For completeness, I also looked at VExUS, although it would not typically be pursued in a case like this where right atrial pressure appears normal. The hepatic vein Doppler looks normal with a dominant systolic wave compared to the diastolic wave. The portal vein flow is fairly continuous, and the internal jugular vein Doppler also shows a normal pattern with systolic and diastolic components in expected proportions. All of this is reassuring and does not suggest systemic venous congestion.

The interesting part is the intrarenal Doppler. The arterial waveform shows diminished diastolic flow → elevated resistive index. The venous signal is not very crisp, but it appears somewhat discontinuous, closer to a biphasic pattern. This is where contextual interpretation really matters. If one were to look only at the intrarenal venous pattern, it would be tempting to assume congestive nephropathy and push diuresis. But these findings can also be explained by persistent interstitial edema or intrinsic kidney injury, and the elevated resistive index supports that possibility. This is well described in the setting of acute tubular injury.

Putting it all together

This patient does not show sonographic features of overt volume depletion, and there is no evidence of pulmonary or systemic venous congestion. At the same time, the left-sided filling pressures appear to be elevated.

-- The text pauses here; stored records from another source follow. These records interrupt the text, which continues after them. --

(* Let $\alpha$ be a nonzero real number. Let $p_1,p_2\in\mathbb S^2$ be two points lying on a common geodesic (great circle) with $N$. (1) If $p_1$ and $p_2$ lie on the same ray starting at $N$, then the piece of this ray joining $p_1$ and $p_2$ minimizes $E_\alpha$ among all curves in $\mathbb S^2$ joining $p_1$ and $p_2$, for every such $\alpha$. (2) Suppose $\alpha>0$. If the minimizing geodesic from $p_1$ to $p_2$ contains $N$, then this geodesic minimizes $E_\alpha$ among all curves in $\mathbb S^2$ joining $p_1$ and $p_2$.
   Context: $\mathbb S^2\subset\mathbb R^3$ is the unit sphere with the Euclidean metric. It is parametrized by $\Psi(u,v)=(\sin u\cos v,\sin u\sin v,\cos u)$, and $N=(0,0,1)$. The spherical distance from $\Psi(u,v)$ to $N$ is $u\in[0,\pi]$. A ray starting at $N$ is a length-minimizing geodesic starting at $N$, i.e. $u\mapsto\Psi(u,v_0)$, $u\in[0,\pi]$, for some fixed $v_0$. For a curve $\gamma$, the energy is $E_\alpha[\gamma]=\int_\gamma\mathsf d^\alpha\,ds$, where $s$ is arc length and $\mathsf d$ is the spherical distance to $N$. In coordinates, $$E_\alpha[\gamma]=\int u^\alpha\sqrt{u'^2+\sin^2(u)v'^2}\,dt.$$ The paper discards the case $\alpha=0$. *)

theory Defs
  imports "HOL-Analysis.Analysis"
begin

definition Psi :: "real \<Rightarrow> real \<Rightarrow> real^3" where
  "Psi u v = vector [sin u * cos v, sin u * sin v, cos u]"

definition NP :: "real^3" where
  "NP = vector [0, 0, 1]"

definition sdistN :: "real^3 \<Rightarrow> real" where
  "sdistN x = arccos (x \<bullet> NP)"

definition admissible :: "(real \<Rightarrow> real^3) \<Rightarrow> real^3 \<Rightarrow> real^3 \<Rightarrow> bool" where
  "admissible \<gamma> p q \<longleftrightarrow> \<gamma> piecewise_C1_differentiable_on {0..1} \<and>
     \<gamma> ` {0..1} \<subseteq> sphere 0 1 \<and> \<gamma> 0 = p \<and> \<gamma> 1 = q"

definition energy :: "real \<Rightarrow> (real \<Rightarrow> real^3) \<Rightarrow> ennreal" where
  "energy \<alpha> \<gamma> = (\<integral>\<^sup>+ t. indicator {0..1} t *
      ennreal (sdistN (\<gamma> t) powr \<alpha> * norm (vector_derivative \<gamma> (at t))) \<partial>lborel)"

end

theory Submission
  imports Defs
begin

text \<open>Let \<open>g\<close> be a weight on \<open>[0, pi]\<close> with primitive \<open>G\<close>, and \<open>d\<^sub>P\<close> the spherical
  distance to a point \<open>P\<close>. Since \<open>d\<^sub>P\<close> is 1-Lipschitz on the sphere, \<open>G (d\<^sub>P (\<gamma> t))\<close>
  changes at rate at most \<open>\<bar>g (d\<^sub>P (\<gamma> t))\<bar> * \<bar>\<gamma>' t\<bar>\<close>. Hence, if \<open>\<bar>g (d\<^sub>P x)\<bar> \<le> d\<^sub>N x powr \<alpha>\<close>,
  every curve from \<open>p\<close> to \<open>q\<close> has energy at least \<open>\<bar>G (d\<^sub>P q) - G (d\<^sub>P p)\<bar>\<close>, and this bound
  is attained by a geodesic along which \<open>d\<^sub>P\<close> grows linearly and \<open>g (d\<^sub>P) = d\<^sub>N powr \<alpha>\<close>.
  For part (1) take \<open>P = N\<close> and \<open>g s = s powr \<alpha>\<close>; for part (2) take \<open>P = p\<^sub>1\<close> and
  \<open>g s = \<bar>s - d\<^sub>N p\<^sub>1\<bar> powr \<alpha>\<close>, which is dominated by \<open>d\<^sub>N powr \<alpha>\<close> by the triangle
  inequality when \<open>\<alpha> > 0\<close>. The weights are first cut off near \<open>\<plusminus>P\<close>, where \<open>d\<^sub>P\<close> is not
  differentiable, and the cut-off is removed by Fatou's lemma.\<close>

section \<open>Spherical geometry\<close>

lemma inner_vec3: "(x::real^3) \<bullet> y = x$1 * y$1 + x$2 * y$2 + x$3 * y$3"
  by (simp add: inner_vec_def sum_3)

lemma inner_Psi: "Psi u v \<bullet> Psi u' v' = sin u * sin u' * cos (v - v') + cos u * cos u'"
  by (simp add: Psi_def inner_vec3 cos_diff algebra_simps)

lemma inner_Psi_NP: "Psi u v \<bullet> NP = cos u"
  by (simp add: Psi_def NP_def inner_vec3)

lemma inner_Psi_self [simp]: "Psi u v \<bullet> Psi u v = 1"
  using inner_Psi[of u v u v] by (simp flip: power2_eq_square)

lemma norm_Psi [simp]: "norm (Psi u v) = 1"
  by (simp add: norm_eq_sqrt_inner)

lemma norm_NP [simp]: "norm NP = 1"
  by (simp add: norm_eq_sqrt_inner NP_def inner_vec3)

lemma abs_inner_unit_le_1:
  fixes x y :: "'a::real_inner"
  assumes "norm x = 1" "norm y = 1"
  shows "\<bar>x \<bullet> y\<bar> \<le> 1"
  using Cauchy_Schwarz_ineq2[of x y] assms by simp

lemma arccos_cos_abs: "\<bar>x\<bar> \<le> pi \<Longrightarrow> arccos (cos x) = \<bar>x\<bar>"
  by (metis abs_ge_zero arccos_cos cos_abs_real)

lemma norm_diff_inner_scaleR_unit:
  fixes x y :: "'a::real_inner"
  assumes "norm x = 1" "norm y = 1"
  shows "norm (y - (x \<bullet> y) *\<^sub>R x) = sqrt (1 - (x \<bullet> y)\<^sup>2)"
proof -
  have "x \<bullet> x = 1" "y \<bullet> y = 1" using assms by (simp_all add: norm_eq_sqrt_inner)
  then have "(y - (x \<bullet> y) *\<^sub>R x) \<bullet> (y - (x \<bullet> y) *\<^sub>R x) = 1 - (x \<bullet> y)\<^sup>2"
    by (simp add: inner_diff_left inner_diff_right inner_commute power2_eq_square)
  then show ?thesis by (simp add: norm_eq_sqrt_inner)
qed

text \<open>Splitting \<open>x\<close> and \<open>z\<close> into their components along \<open>y\<close> and orthogonal to it gives
  \<open>x \<bullet> z \<ge> cos a cos b - sin a sin b = cos (a + b)\<close>.\<close>
lemma arccos_inner_triangle:
  fixes x y z :: "'a::real_inner"
  assumes nx: "norm x = 1" and ny: "norm y = 1" and nz: "norm z = 1"
  shows "arccos (x \<bullet> z) \<le> arccos (x \<bullet> y) + arccos (y \<bullet> z)"
proof -
  define a where "a = arccos (x \<bullet> y)"
  define b where "b = arccos (y \<bullet> z)"
  have bounds: "\<bar>x \<bullet> y\<bar> \<le> 1" "\<bar>y \<bullet> z\<bar> \<le> 1" "\<bar>x \<bullet> z\<bar> \<le> 1"
    using abs_inner_unit_le_1 assms by blast+
  have a: "0 \<le> a" "a \<le> pi" "cos a = x \<bullet> y" "sin a = sqrt (1 - (x \<bullet> y)\<^sup>2)"
    using bounds by (auto simp: a_def arccos_lbound arccos_ubound sin_arccos abs_le_iff)
  have b: "0 \<le> b" "b \<le> pi" "cos b = y \<bullet> z" "sin b = sqrt (1 - (y \<bullet> z)\<^sup>2)"
    using bounds by (auto simp: b_def arccos_lbound arccos_ubound sin_arccos abs_le_iff)
  show ?thesis
  proof (cases "a + b \<le> pi")
    case False
    then show ?thesis
      using arccos_ubound[of "x \<bullet> z"] bounds by (simp add: a_def b_def abs_le_iff)
  next
    case True
    define x' where "x' = x - (y \<bullet> x) *\<^sub>R y"
    define z' where "z' = z - (y \<bullet> z) *\<^sub>R y"
    have "y \<bullet> y = 1" using ny by (simp add: norm_eq_sqrt_inner)
    then have split: "x \<bullet> z = cos a * cos b + x' \<bullet> z'"
      by (simp add: a b x'_def z'_def inner_diff_left inner_diff_right inner_commute algebra_simps)
    have "- (norm x' * norm z') \<le> x' \<bullet> z'"
      using Cauchy_Schwarz_ineq2[of x' z'] by linarith
    moreover have "norm x' * norm z' = sin a * sin b"
      using norm_diff_inner_scaleR_unit[OF ny nx] norm_diff_inner_scaleR_unit[OF ny nz]
      by (simp add: a b x'_def z'_def inner_commute)
    ultimately have "cos (a + b) \<le> x \<bullet> z"
      by (simp add: split cos_add)
    then have "arccos (x \<bullet> z) \<le> arccos (cos (a + b))"
      using bounds by (intro arccos_le_arccos) (auto simp: abs_le_iff)
    also have "\<dots> = a + b" using True a b by (simp add: arccos_cos)
    finally show ?thesis by (simp add: a_def b_def)
  qed
qed

lemma vector_derivative_orthogonal_on_sphere:
  fixes \<gamma> :: "real \<Rightarrow> 'a::real_inner"
  assumes \<gamma>': "(\<gamma> has_vector_derivative D) (at t)"
    and S: "open S" "t \<in> S" and unit: "\<And>s. s \<in> S \<Longrightarrow> norm (\<gamma> s) = 1"
  shows "D \<bullet> \<gamma> t = 0"
proof -
  have "((\<lambda>s. \<gamma> s \<bullet> \<gamma> s) has_derivative (\<lambda>h. \<gamma> t \<bullet> (h *\<^sub>R D) + (h *\<^sub>R D) \<bullet> \<gamma> t)) (at t)"
    using \<gamma>' by (intro has_derivative_inner) (auto simp: has_vector_derivative_def)
  then have "((\<lambda>s. \<gamma> s \<bullet> \<gamma> s) has_real_derivative 2 * (D \<bullet> \<gamma> t)) (at t)"
    unfolding has_field_derivative_def
    by (rule has_derivative_eq_rhs) (auto simp: fun_eq_iff inner_commute algebra_simps)
  moreover have "((\<lambda>s. \<gamma> s \<bullet> \<gamma> s) has_real_derivative 0) (at t)"
    by (rule has_field_derivative_transform_within_open[of "\<lambda>_. 1" _ _ S])
       (use S unit in \<open>auto simp: norm_eq_sqrt_inner\<close>)
  ultimately show ?thesis using DERIV_unique by force
qed

lemma abs_inner_tangent_le:
  fixes x P D :: "'a::real_inner"
  assumes "norm x = 1" "norm P = 1" "D \<bullet> x = 0"
  shows "\<bar>D \<bullet> P\<bar> \<le> norm D * sqrt (1 - (x \<bullet> P)\<^sup>2)"
proof -
  have "D \<bullet> P = D \<bullet> (P - (x \<bullet> P) *\<^sub>R x)"
    using assms(3) by (simp add: inner_diff_right)
  then show ?thesis
    using Cauchy_Schwarz_ineq2[of D "P - (x \<bullet> P) *\<^sub>R x"] norm_diff_inner_scaleR_unit[OF assms(1,2)]
    by simp
qed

So where does that leave us? This is not a patient who needs fluids, but it is also not someone in whom I would push aggressive diuresis. A reasonable approach here is to continue gentle or maintenance level diuresis. However, the creatinine has worsened compared to yesterday, and the patient is on a calcineurin inhibitor, which already affects renal autoregulation. So, I would lean toward down-titrating diuretics. The overall picture suggests underlying tubular injury rather than a purely hemodynamic problem. And if that is the case, there is little value in adding further hemodynamic stress to the kidneys when it can be avoided.

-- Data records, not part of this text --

lemma card_avoiding_family:
  assumes "G \<in> families n j"
  shows "card (avoiding n (covered G)) = falling (n - k * j) k ^ 2"
proof -
  have G: "G \<in> tfamilies t n" "card G = j" using assms by (auto simp: families_def)
  have "card {i. i < n \<and> f i \<notin> covered G} = n - k * j" if "f = Inl \<or> f = Inr" for f
  proof -
    have "{i. i < n \<and> f i \<notin> covered G} = {..<n} - {i. f i \<in> covered G}" by auto
    then show ?thesis using family_side[OF G(1) that] G(2)
      by (simp add: card_Diff_subset finite_subset)
  qed
  then show ?thesis by (simp add: card_avoiding power2_eq_square)
qed

text \<open>A path avoiding a family is not a member of it (paths are nonempty).\<close>
lemma avoiding_covered_not_member:
  assumes "P \<in> avoiding n (covered G)"
  shows "P \<notin> G"
proof
  assume "P \<in> G"
  then have "pverts P \<subseteq> covered G" by (auto simp: covered_def)
  then show False using assms tpath_vertices(2)[of P n] by (auto simp: avoiding_def)
qed

lemma bij_betw_remove_path:
  "bij_betw (\<lambda>(F, P). (F - {P}, P)) (SIGMA F:families n (Suc j). F)
     (SIGMA G:families n j. avoiding n (covered G))"
proof (rule bij_betw_byWitness[where f' = "\<lambda>(G, P). (insert P G, P)"])
  show "\<forall>x\<in>SIGMA F:families n (Suc j). F. (\<lambda>(G, P). (insert P G, P)) ((\<lambda>(F, P). (F - {P}, P)) x) = x"
    by auto
  show "\<forall>y\<in>SIGMA G:families n j. avoiding n (covered G).
          (\<lambda>(F, P). (F - {P}, P)) ((\<lambda>(G, P). (insert P G, P)) y) = y"
    using avoiding_covered_not_member by auto
  show "(\<lambda>(F, P). (F - {P}, P)) ` (SIGMA F:families n (Suc j). F)
        \<subseteq> (SIGMA G:families n j. avoiding n (covered G))"
  proof (rule image_subsetI)
    fix x assume "x \<in> (SIGMA F:families n (Suc j). F)"
    then obtain F P where x: "x = (F, P)" and F: "F \<in> tfamilies t n" "card F = Suc j"
      and P: "P \<in> F" by (auto simp: families_def)
    have "F - {P} \<in> families n j"
      using F P finite_family[OF F(1)] by (auto simp: families_def tfamilies_def)
    moreover have "P \<in> avoiding n (covered (F - {P}))"
      using F(1) P by (auto simp: tfamilies_def avoiding_def covered_def)
    ultimately show "(\<lambda>(F, P). (F - {P}, P)) x \<in> (SIGMA G:families n j. avoiding n (covered G))"
      using x by simp
  qed
  show "(\<lambda>(G, P). (insert P G, P)) ` (SIGMA G:families n j. avoiding n (covered G))
        \<subseteq> (SIGMA F:families n (Suc j). F)"
  proof (rule image_subsetI)
    fix y assume "y \<in> (SIGMA G:families n j. avoiding n (covered G))"
    then obtain G P where y: "y = (G, P)" and G: "G \<in> tfamilies t n" "card G = j"
      and P: "P \<in> avoiding n (covered G)" by (auto simp: families_def)
    have "insert P G \<in> tfamilies t n"
      using G(1) P by (auto simp: tfamilies_def avoiding_def covered_def)
    moreover have "card (insert P G) = Suc j"
      using G avoiding_covered_not_member[OF P] finite_family[OF G(1)] by simp
    ultimately show "(\<lambda>(G, P). (insert P G, P)) y \<in> (SIGMA F:families n (Suc j). F)"
      using y by (simp add: families_def)
  qed
qed
(* Let $\mathcal H$ be a Hilbert space, $A$ a bounded, everywhere defined, symmetric operator on $\mathcal H$, and $P$ a self-adjoint operator on $\mathcal H$ such that $PA$ is densely defined. Suppose that the range $R(A)$ is closed, that $N(A)\subset D(P)$, and that $PN(A)\subset N(A)$. Then $AP=(PA)^*$ (and hence $APA$ is self-adjoint).
   Context: $D(X)$, $N(X)$, $R(X)$ denote domain, kernel and range of an operator $X$. $D(PA)=\{x\in\mathcal H: Ax\in D(P)\}$, $D(AP)=D(P)$. *)

theory Defs
  imports "HOL-Analysis.Analysis"
begin

text \<open>The distribution has no complex inner product spaces, so we introduce them:
  a real normed vector space with a compatible complex scalar multiplication and a
  complex inner product (linear in the second, conjugate-linear in the first argument)
  inducing the norm.\<close>

class complex_inner = real_normed_vector +
  fixes scaleC :: "complex \<Rightarrow> 'a \<Rightarrow> 'a"
    and cinner :: "'a \<Rightarrow> 'a \<Rightarrow> complex"
  assumes scaleC_add_right: "scaleC a (x + y) = scaleC a x + scaleC a y"
    and scaleC_add_left: "scaleC (a + b) x = scaleC a x + scaleC b x"
    and scaleC_scaleC: "scaleC a (scaleC b x) = scaleC (a * b) x"
    and scaleC_one: "scaleC 1 x = x"
    and scaleC_of_real: "scaleC (complex_of_real r) x = scaleR r x"
    and cinner_commute: "cinner x y = cnj (cinner y x)"
    and cinner_add_left: "cinner (x + y) z = cinner x z + cinner y z"
    and cinner_scaleC_left: "cinner (scaleC a x) y = cnj a * cinner x y"
    and cinner_ge_zero: "Im (cinner x x) = 0 \<and> 0 \<le> Re (cinner x x)"
    and cinner_eq_zero: "cinner x x = 0 \<longleftrightarrow> x = 0"
    and norm_eq_sqrt_cinner: "norm x = sqrt (Re (cinner x x))"

class chilbert_space = complex_inner + complete_space

text \<open>An operator is a pair (domain, map); the map is only meaningful on the domain.\<close>
type_synonym 'a linop = "'a set \<times> ('a \<Rightarrow> 'a)"

definition dom :: "'a linop \<Rightarrow> 'a set" where "dom T = fst T"
definition app :: "'a linop \<Rightarrow> 'a \<Rightarrow> 'a" where "app T = snd T"

definition csubspace :: "'a::complex_inner set \<Rightarrow> bool" where
  "csubspace D \<longleftrightarrow> 0 \<in> D \<and> (\<forall>x\<in>D. \<forall>y\<in>D. x + y \<in> D) \<and> (\<forall>c x. x \<in> D \<longrightarrow> scaleC c x \<in> D)"

definition is_linop :: "'a::complex_inner linop \<Rightarrow> bool" where
  "is_linop T \<longleftrightarrow> csubspace (dom T) \<and>
     (\<forall>x\<in>dom T. \<forall>y\<in>dom T. app T (x + y) = app T x + app T y) \<and>
     (\<forall>c. \<forall>x\<in>dom T. app T (scaleC c x) = scaleC c (app T x))"

definition densely_defined :: "'a::complex_inner linop \<Rightarrow> bool" where
  "densely_defined T \<longleftrightarrow> closure (dom T) = UNIV"

definition op_eq :: "'a linop \<Rightarrow> 'a linop \<Rightarrow> bool" where
  "op_eq S T \<longleftrightarrow> dom S = dom T \<and> (\<forall>x\<in>dom S. app S x = app T x)"

definition adjoint :: "'a::complex_inner linop \<Rightarrow> 'a linop" where
  "adjoint T = ({y. \<exists>z. \<forall>x\<in>dom T. cinner (app T x) y = cinner x z},
                (\<lambda>y. THE z. \<forall>x\<in>dom T. cinner (app T x) y = cinner x z))"

definition self_adjoint :: "'a::complex_inner linop \<Rightarrow> bool" where
  "self_adjoint T \<longleftrightarrow> is_linop T \<and> densely_defined T \<and> op_eq T (adjoint T)"

definition op_comp :: "'a linop \<Rightarrow> 'a linop \<Rightarrow> 'a linop" where
  "op_comp S T = ({x \<in> dom T. app T x \<in> dom S}, (\<lambda>x. app S (app T x)))"

definition full_op :: "('a \<Rightarrow> 'a) \<Rightarrow> 'a linop" where
  "full_op f = (UNIV, f)"

definition bounded_clinear :: "('a::complex_inner \<Rightarrow> 'a) \<Rightarrow> bool" where
  "bounded_clinear f \<longleftrightarrow> (\<forall>x y. f (x + y) = f x + f y) \<and> (\<forall>c x. f (scaleC c x) = scaleC c (f x))
     \<and> (\<exists>K. \<forall>x. norm (f x) \<le> norm x * K)"

definition symmetric_op :: "('a::complex_inner \<Rightarrow> 'a) \<Rightarrow> bool" where
  "symmetric_op f \<longleftrightarrow> (\<forall>x y. cinner (f x) y = cinner x (f y))"

definition kernel :: "('a::zero \<Rightarrow> 'a) \<Rightarrow> 'a set" where
  "kernel f = {x. f x = 0}"

end

theory Submission
  imports Defs
begin

text \<open>Since \<open>A\<close> is symmetric with closed range, the space splits orthogonally as
  \<open>R(A) \<oplus> N(A)\<close>, and \<open>A\<close> maps \<open>R(A)\<close> onto itself. The inclusion \<open>AP \<subseteq> (PA)\<^sup>*\<close> is a
  formal computation. Conversely, let \<open>(PA)\<^sup>* y = z\<close>. Testing against \<open>N(A)\<close> shows \<open>z \<bottom> N(A)\<close>,
  so \<open>z = A w\<close> with \<open>w \<in> R(A)\<close>. Splitting \<open>u \<in> D(P)\<close> as \<open>Ax + u\<^sub>0\<close> and \<open>y\<close> as \<open>Aa + y\<^sub>0\<close>
  along \<open>R(A) \<oplus> N(A)\<close> and using \<open>P N(A) \<subseteq> N(A)\<close>, one finds \<open>\<langle>Pu, y\<rangle> = \<langle>u, w + P y\<^sub>0\<rangle>\<close>
  for all \<open>u \<in> D(P)\<close>, hence \<open>y \<in> D(P\<^sup>*) = D(P)\<close>. For \<open>APA\<close>, symmetry is formal, and
  \<open>y \<in> D((APA)\<^sup>*)\<close> gives \<open>Ay \<in> D((PA)\<^sup>*) \<subseteq> D(P)\<close>, i.e. \<open>y \<in> D(APA)\<close>.\<close>

lemma cinner_add_right: "cinner x (y + z) = cinner x y + cinner x (z::'a::complex_inner)"
  using cinner_commute[of x "y+z"] cinner_commute[of y x] cinner_commute[of z x]
  by (simp add: cinner_add_left)

lemma cinner_scaleC_right: "cinner x (scaleC a y) = a * cinner x (y::'a::complex_inner)"
  using cinner_commute[of x "scaleC a y"] cinner_commute[of y x]
  by (simp add: cinner_scaleC_left)

lemma cinner_zero_left [simp]: "cinner 0 (y::'a::complex_inner) = 0"
  using cinner_add_left[of 0 0 y] by simp

lemma cinner_zero_right [simp]: "cinner y (0::'a::complex_inner) = 0"
  using cinner_add_right[of y 0 0] by simp

lemma scaleC_minus_one: "scaleC (-1) (x::'a::complex_inner) = - x"
  using scaleC_of_real[of "-1" x] by simp

lemma cinner_minus_left: "cinner (- x) (y::'a::complex_inner) = - cinner x y"
  using cinner_add_left[of x "-x" y] by (simp add: eq_neg_iff_add_eq_0 add.commute)

lemma cinner_minus_right: "cinner y (- x::'a::complex_inner) = - cinner y x"
  using cinner_add_right[of y x "-x"] by (simp add: eq_neg_iff_add_eq_0 add.commute)

lemma cinner_diff_left: "cinner (x - z) (y::'a::complex_inner) = cinner x y - cinner z y"
  using cinner_add_left[of x "-z" y] by (simp add: cinner_minus_left)

lemma cinner_diff_right: "cinner y (x - z::'a::complex_inner) = cinner y x - cinner y z"
  using cinner_add_right[of y x "-z"] by (simp add: cinner_minus_right)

Time? The entire scan took me about 20 minutes, including setting up ECG leads. Of course, this level of detailed hemodynamic assessment is not needed for every patient. In a typical day, maybe 3-4 patients truly require all these parameters, so spending 15 to 20 minutes per patient feels worthwhile. An added benefit of doing POCUS is that it creates an opportunity to engage with the patient and explain what we are seeing in real-time. It also reduces cognitive load and improves diagnostic confidence. Instead of making empiric decisions, we are acting with a better understanding of the underlying physiology.